The key to success today was the red spikes....perchy can tell ya that....lol


----------



## icebucketjohn (Dec 22, 2005)

Nice. Great day to be on the ice. I would've loved to join ya.


----------



## shomethacrappies (Mar 26, 2009)

great pics big daddy looks professional also made me look a couple pounds lighter great job


----------



## Big Daddy (Apr 6, 2004)

Over the years of my working in TV, I've figured out ways to make people look smaller and fish look bigger in pictures... LOLOL


----------



## Steelhead Fever (Dec 31, 2009)

nice pics...fun times out there....hope we can have many more of these in many more different places.....thanks to everyone!!


----------



## eyecatchum2 (Mar 30, 2010)

Congrats on the win.


----------



## WestBranchJoe (Jan 13, 2009)

Here are a few shots I took.

Check in

























A nice bucket









Trophy winning perch lol









I caught 6 of these the 7th came from a member whose name I did not catch.
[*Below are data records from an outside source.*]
(* Let $m\ge2$ and consider a preferential (dynamic) attachment circuit of index $m$. Let $W_n$ and $B_n$ be the numbers of white and blue external nodes after $n$ insertions. For $n\ge1$, $$\mathbb{E}[W_n^2]=\frac{(m+1)^3n^3}{(mn+n-1)(2m+1)^2}+\frac{(8m^2-m-1)(m+1)^2n^2+m(m+1)(3m^2-6m-1)n-m(2m^3+6m^2+3m+1)}{(mn+n-1)(2m+1)^2(3m+1)},$$ $$\mathbb{E}[B_n^2]=\frac{4m^2(m+1)^2}{(3m+1)^2(2m+1)^2}\,n^2+\frac{96m^4+138m^3+83m^2+18m+1}{(5m+1)(4m+1)(3m+1)^2}\cdot\frac{4(m+1)m}{(2m+1)^2}\,n+O(1)\quad(n\to\infty).$$
   Context: Preferential (dynamic) attachment circuit of index $m\ge1$: at time $0$ there is a single node labeled $0$. At each time $n\ge1$ a new node labeled $n$ is added and $m$ parents are chosen for it one at a time, with replacement, among nodes $0,\dots,n-1$. Before the $(i+1)$-th choice ($i=0,\dots,m-1$), each existing node $v$ is chosen with probability $\frac{d_i(v)+1}{\sum_{x}(d_i(x)+1)}$, where $d_i(x)$ is the outdegree of $x$ in the current multigraph including the edges created by the first $i$ choices for node $n$; after each choice an edge from the chosen parent to node $n$ is immediately added (multi-edges allowed, counted with multiplicity). External nodes: a node of outdegree $s$ carries $s+1$ external nodes, colored white if the node has outdegree $0$, blue if outdegree $1$, red if outdegree $\ge2$. Thus $W_n$ equals the number of nodes of outdegree $0$ and $B_n$ equals twice the number of nodes of outdegree $1$. *)

theory Defs
  imports "HOL-Probability.Probability" "HOL-Library.Landau_Symbols"
begin

text \<open>State of the circuit after n insertions: the list of outdegrees of
nodes 0, ..., n (list index = node label). The attachment probabilities and
the colours of external nodes depend only on the outdegrees.\<close>

definition pa_weights :: "nat list \<Rightarrow> nat multiset" where
  "pa_weights ds = (\<Sum>i<length ds. replicate_mset (ds ! i + 1) i)"

text \<open>One parent choice: node i chosen with probability (d(i)+1)/sum(d(x)+1),
then its outdegree is incremented (edge to the new node added).\<close>
definition pa_choose :: "nat list \<Rightarrow> nat list pmf" where
  "pa_choose ds = map_pmf (\<lambda>i. ds[i := ds ! i + 1]) (pmf_of_multiset (pa_weights ds))"

primrec pa_choices :: "nat \<Rightarrow> nat list \<Rightarrow> nat list pmf" where
  "pa_choices 0 ds = return_pmf ds"
| "pa_choices (Suc k) ds = bind_pmf (pa_choose ds) (pa_choices k)"

definition pa_insert :: "nat \<Rightarrow> nat list \<Rightarrow> nat list pmf" where
  "pa_insert m ds = map_pmf (\<lambda>ds'. ds' @ [0]) (pa_choices m ds)"

primrec pa_circuit :: "nat \<Rightarrow> nat \<Rightarrow> nat list pmf" where
  "pa_circuit m 0 = return_pmf [0]"
| "pa_circuit m (Suc n) = bind_pmf (pa_circuit m n) (pa_insert m)"

definition white_ext :: "nat list \<Rightarrow> nat" where
  "white_ext ds = length (filter (\<lambda>d. d = 0) ds)"

definition blue_ext :: "nat list \<Rightarrow> nat" where
  "blue_ext ds = 2 * length (filter (\<lambda>d. d = 1) ds)"

end

theory Submission
  imports Defs
begin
So to the guy in the yellow jacket, thanks, he fried up nicely!

Joe


----------



## sady dog (Feb 10, 2008)

it was my pleasure...you earned it that little guy....and to all those who didn't go...we caught all those fish in that parking lot!!! lol (or at least that is what the pictures look like...)  It was a blast I wished some of those little dudes caught more...but hopefully they had a good time...

I think mine was the one with bent tale!!!! I had to stretch hime to make 8" ..... lol


----------



## polecat (Mar 25, 2007)

wow! looks like you guys had a blast. its good to see some of the faces . can't get out on the ice anymore;;;bad heart, but man it sure is exciteing to see the pix and results. congrats you guys and keep those pix comming.


----------